lemma AE_survivor_set_locally_constant:
  assumes "a \<le> c"
  shows "AE b in lborel. b \<in> {c..1} \<longrightarrow>
           (\<exists>e>0. \<forall>y\<in>{c..1}. \<bar>y - b\<bar> < e \<longrightarrow> survivor_set f {a<..<y} = survivor_set f {a<..<b})"
proof (rule AE_I')
  define N where "N = breakpoint_preimages \<union> (\<Union>j. survivor_set f {a<..<c + 1 / Suc j})"
  have "survivor_set f {a<..<c + 1 / Suc j} \<in> null_sets lborel" for j
    using assms by (intro null_sets_survivor_set) auto
  then show "N \<in> null_sets lborel"
    unfolding N_def
    by (rule null_sets.Un[OF countable_imp_null_set_lborel[OF countable_breakpoint_preimages] null_sets_UN])
  show "{b \<in> space lborel. \<not> (b \<in> {c..1} \<longrightarrow> (\<exists>e>0. \<forall>y\<in>{c..1}. \<bar>y - b\<bar> < e \<longrightarrow>
          survivor_set f {a<..<y} = survivor_set f {a<..<b}))} \<subseteq> N"
  proof
    fix b assume "b \<in> {b \<in> space lborel. \<not> (b \<in> {c..1} \<longrightarrow> (\<exists>e>0. \<forall>y\<in>{c..1}. \<bar>y - b\<bar> < e \<longrightarrow>
          survivor_set f {a<..<y} = survivor_set f {a<..<b}))}"
    then have b: "b \<in> {c..1}"
      and not_const: "\<not> (\<exists>e>0. \<forall>y\<in>{c..1}. \<bar>y - b\<bar> < e \<longrightarrow>
          survivor_set f {a<..<y} = survivor_set f {a<..<b})"
      by simp_all
    show "b \<in> N"
    proof (rule ccontr)
      assume "b \<notin> N"
      then have not_breakpoint: "b \<notin> breakpoint_preimages"
        and survives_not: "\<And>j. b \<notin> survivor_set f {a<..<c + 1 / Suc j}"
        by (simp_all add: N_def)
      have "b \<in> {0..1}"
        using b c_pos by auto
      then have "(f ^^ 0) b \<notin> {c, 1}"
        using not_breakpoint unfolding breakpoint_preimages_def by blast
      then obtain j where "inverse (Suc j) < b - c"
        using b reals_Archimedean[of "b - c"] by auto
      then have "c + 1 / Suc j \<le> b"
        by (simp add: inverse_eq_divide)
      with b not_breakpoint survives_not[of j] show False
        using survivor_set_locally_constant_above_c not_const by blast
    qed
  qed
qed

lemma AE_hausdorff_dim_survivor_set_locally_constant:
  assumes "a \<le> c"
  shows "AE b in lborel. b \<in> {c..1} \<longrightarrow> (\<exists>e>0. \<forall>y\<in>{c..1}. \<bar>y - b\<bar> < e \<longrightarrow>
           hausdorff_dim (survivor_set f {a<..<y}) = hausdorff_dim (survivor_set f {a<..<b}))"
  using AE_survivor_set_locally_constant[OF assms]
proof (rule eventually_mono, intro impI)
  fix b assume "b \<in> {c..1} \<longrightarrow> (\<exists>e>0. \<forall>y\<in>{c..1}. \<bar>y - b\<bar> < e \<longrightarrow>
    survivor_set f {a<..<y} = survivor_set f {a<..<b})" and "b \<in> {c..1}"
  then obtain e where "e > 0" and e: "\<And>y. y \<in> {c..1} \<Longrightarrow> \<bar>y - b\<bar> < e \<Longrightarrow>
    survivor_set f {a<..<y} = survivor_set f {a<..<b}"
    by blast
  then show "\<exists>e>0. \<forall>y\<in>{c..1}. \<bar>y - b\<bar> < e \<longrightarrow>
    hausdorff_dim (survivor_set f {a<..<y}) = hausdorff_dim (survivor_set f {a<..<b})"
    by (intro exI[of _ e] conjI ballI impI) simp_all
qed

end

lemma hausdorff_dim_survivor_set_antimono:
  "b\<^sub>1 \<le> b\<^sub>2 \<Longrightarrow> hausdorff_dim (survivor_set f {a<..<b\<^sub>2}) \<le> hausdorff_dim (survivor_set f {a<..<b\<^sub>1})"
  by (intro hausdorff_dim_mono survivor_set_antimono survivor_set_subset) auto

theorem corollary1p4:
  fixes \<beta> \<alpha> a :: real
  assumes "1 < \<beta>" "\<beta> < 2" "0 \<le> \<alpha>" "\<alpha> \<le> 2 - \<beta>"
    and "0 \<le> a" "a \<le> (1 - \<alpha>) / \<beta>"
  defines "c \<equiv> (1 - \<alpha>) / \<beta>"
    and "\<eta> \<equiv> (\<lambda>b. hausdorff_dim (survivor_set (T_map \<beta> \<alpha>) {a<..<b}))"
  shows "(\<forall>b1 \<in> {c..1}. \<forall>b2 \<in> {c..1}. b1 \<le> b2 \<longrightarrow> \<eta> b2 \<le> \<eta> b1)
       \<and> (AE b in lborel. b \<in> {c..1} \<longrightarrow>
            (\<exists>\<epsilon>>0. \<forall>y \<in> {c..1}. \<bar>y - b\<bar> < \<epsilon> \<longrightarrow> \<eta> y = \<eta> b))"
proof -
  have T: "linear_mod_one \<beta> \<alpha>"
    using assms(1,3,4) by unfold_locales
  have c_eq: "c = linear_mod_one.c \<beta> \<alpha>"
    unfolding c_def linear_mod_one.c_def[OF T] ..
  have "a \<le> linear_mod_one.c \<beta> \<alpha>"
    using assms(6) unfolding c_eq[symmetric] c_def .
  from linear_mod_one.AE_hausdorff_dim_survivor_set_locally_constant[OF T this]
  have "AE b in lborel. b \<in> {c..1} \<longrightarrow> (\<exists>\<epsilon>>0. \<forall>y\<in>{c..1}. \<bar>y - b\<bar> < \<epsilon> \<longrightarrow> \<eta> y = \<eta> b)"
    unfolding c_eq \<eta>_def .
  moreover have "\<eta> b\<^sub>2 \<le> \<eta> b\<^sub>1" if "b\<^sub>1 \<le> b\<^sub>2" for b\<^sub>1 b\<^sub>2
    unfolding \<eta>_def using that by (rule hausdorff_dim_survivor_set_antimono)
  ultimately show ?thesis
    by blast
qed

end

···

TASK PROMPT -
Line by line, repeat the material precisely.

WRITTEN RESPONSE -
lemma AE_survivor_set_locally_constant:
  assumes "a \<le> c"
  shows "AE b in lborel. b \<in> {c..1} \<longrightarrow>
           (\<exists>e>0. \<forall>y\<in>{c..1}. \<bar>y - b\<bar> < e \<longrightarrow> survivor_set f {a<..<y} = survivor_set f {a<..<b})"
proof (rule AE_I')
  define N where "N = breakpoint_preimages \<union> (\<Union>j. survivor_set f {a<..<c + 1 / Suc j})"
  have "survivor_set f {a<..<c + 1 / Suc j} \<in> null_sets lborel" for j
    using assms by (intro null_sets_survivor_set) auto
  then show "N \<in> null_sets lborel"
    unfolding N_def
    by (rule null_sets.Un[OF countable_imp_null_set_lborel[OF countable_breakpoint_preimages] null_sets_UN])
  show "{b \<in> space lborel. \<not> (b \<in> {c..1} \<longrightarrow> (\<exists>e>0. \<forall>y\<in>{c..1}. \<bar>y - b\<bar> < e \<longrightarrow>
          survivor_set f {a<..<y} = survivor_set f {a<..<b}))} \<subseteq> N"
  proof
    fix b assume "b \<in> {b \<in> space lborel. \<not> (b \<in> {c..1} \<longrightarrow> (\<exists>e>0. \<forall>y\<in>{c..1}. \<bar>y - b\<bar> < e \<longrightarrow>
          survivor_set f {a<..<y} = survivor_set f {a<..<b}))}"
    then have b: "b \<in> {c..1}"
      and not_const: "\<not> (\<exists>e>0. \<forall>y\<in>{c..1}. \<bar>y - b\<bar> < e \<longrightarrow>
          survivor_set f {a<..<y} = survivor_set f {a<..<b})"
      by simp_all
    show "b \<in> N"
    proof (rule ccontr)
      assume "b \<notin> N"
      then have not_breakpoint: "b \<notin> breakpoint_preimages"
        and survives_not: "\<And>j. b \<notin> survivor_set f {a<..<c + 1 / Suc j}"
        by (simp_all add: N_def)
      have "b \<in> {0..1}"
        using b c_pos by auto
      then have "(f ^^ 0) b \<notin> {c, 1}"
        using not_breakpoint unfolding breakpoint_preimages_def by blast
      then obtain j where "inverse (Suc j) < b - c"
        using b reals_Archimedean[of "b - c"] by auto
      then have "c + 1 / Suc j \<le> b"
        by (simp add: inverse_eq_divide)
      with b not_breakpoint survives_not[of j] show False
        using survivor_set_locally_constant_above_c not_const by blast
    qed
  qed
qed

lemma AE_hausdorff_dim_survivor_set_locally_constant:
  assumes "a \<le> c"
  shows "AE b in lborel. b \<in> {c..1} \<longrightarrow> (\<exists>e>0. \<forall>y\<in>{c..1}. \<bar>y - b\<bar> < e \<longrightarrow>
           hausdorff_dim (survivor_set f {a<..<y}) = hausdorff_dim (survivor_set f {a<..<b}))"
  using AE_survivor_set_locally_constant[OF assms]
proof (rule eventually_mono, intro impI)
  fix b assume "b \<in> {c..1} \<longrightarrow> (\<exists>e>0. \<forall>y\<in>{c..1}. \<bar>y - b\<bar> < e \<longrightarrow>
    survivor_set f {a<..<y} = survivor_set f {a<..<b})" and "b \<in> {c..1}"
  then obtain e where "e > 0" and e: "\<And>y. y \<in> {c..1} \<Longrightarrow> \<bar>y - b\<bar> < e \<Longrightarrow>
    survivor_set f {a<..<y} = survivor_set f {a<..<b}"
    by blast
  then show "\<exists>e>0. \<forall>y\<in>{c..1}. \<bar>y - b\<bar> < e \<longrightarrow>
    hausdorff_dim (survivor_set f {a<..<y}) = hausdorff_dim (survivor_set f {a<..<b})"
    by (intro exI[of _ e] conjI ballI impI) simp_all
qed

end

lemma hausdorff_dim_survivor_set_antimono:
  "b\<^sub>1 \<le> b\<^sub>2 \<Longrightarrow> hausdorff_dim (survivor_set f {a<..<b\<^sub>2}) \<le> hausdorff_dim (survivor_set f {a<..<b\<^sub>1})"
  by (intro hausdorff_dim_mono survivor_set_antimono survivor_set_subset) auto

theorem corollary1p4:
  fixes \<beta> \<alpha> a :: real
  assumes "1 < \<beta>" "\<beta> < 2" "0 \<le> \<alpha>" "\<alpha> \<le> 2 - \<beta>"
    and "0 \<le> a" "a \<le> (1 - \<alpha>) / \<beta>"
  defines "c \<equiv> (1 - \<alpha>) / \<beta>"
    and "\<eta> \<equiv> (\<lambda>b. hausdorff_dim (survivor_set (T_map \<beta> \<alpha>) {a<..<b}))"
  shows "(\<forall>b1 \<in> {c..1}. \<forall>b2 \<in> {c..1}. b1 \<le> b2 \<longrightarrow> \<eta> b2 \<le> \<eta> b1)
       \<and> (AE b in lborel. b \<in> {c..1} \<longrightarrow>
            (\<exists>\<epsilon>>0. \<forall>y \<in> {c..1}. \<bar>y - b\<bar> < \<epsilon> \<longrightarrow> \<eta> y = \<eta> b))"
proof -
  have T: "linear_mod_one \<beta> \<alpha>"
    using assms(1,3,4) by unfold_locales
  have c_eq: "c = linear_mod_one.c \<beta> \<alpha>"
    unfolding c_def linear_mod_one.c_def[OF T] ..
  have "a \<le> linear_mod_one.c \<beta> \<alpha>"
    using assms(6) unfolding c_eq[symmetric] c_def .
  from linear_mod_one.AE_hausdorff_dim_survivor_set_locally_constant[OF T this]
  have "AE b in lborel. b \<in> {c..1} \<longrightarrow> (\<exists>\<epsilon>>0. \<forall>y\<in>{c..1}. \<bar>y - b\<bar> < \<epsilon> \<longrightarrow> \<eta> y = \<eta> b)"
    unfolding c_eq \<eta>_def .
  moreover have "\<eta> b\<^sub>2 \<le> \<eta> b\<^sub>1" if "b\<^sub>1 \<le> b\<^sub>2" for b\<^sub>1 b\<^sub>2
    unfolding \<eta>_def using that by (rule hausdorff_dim_survivor_set_antimono)
  ultimately show ?thesis
    by blast
qed

end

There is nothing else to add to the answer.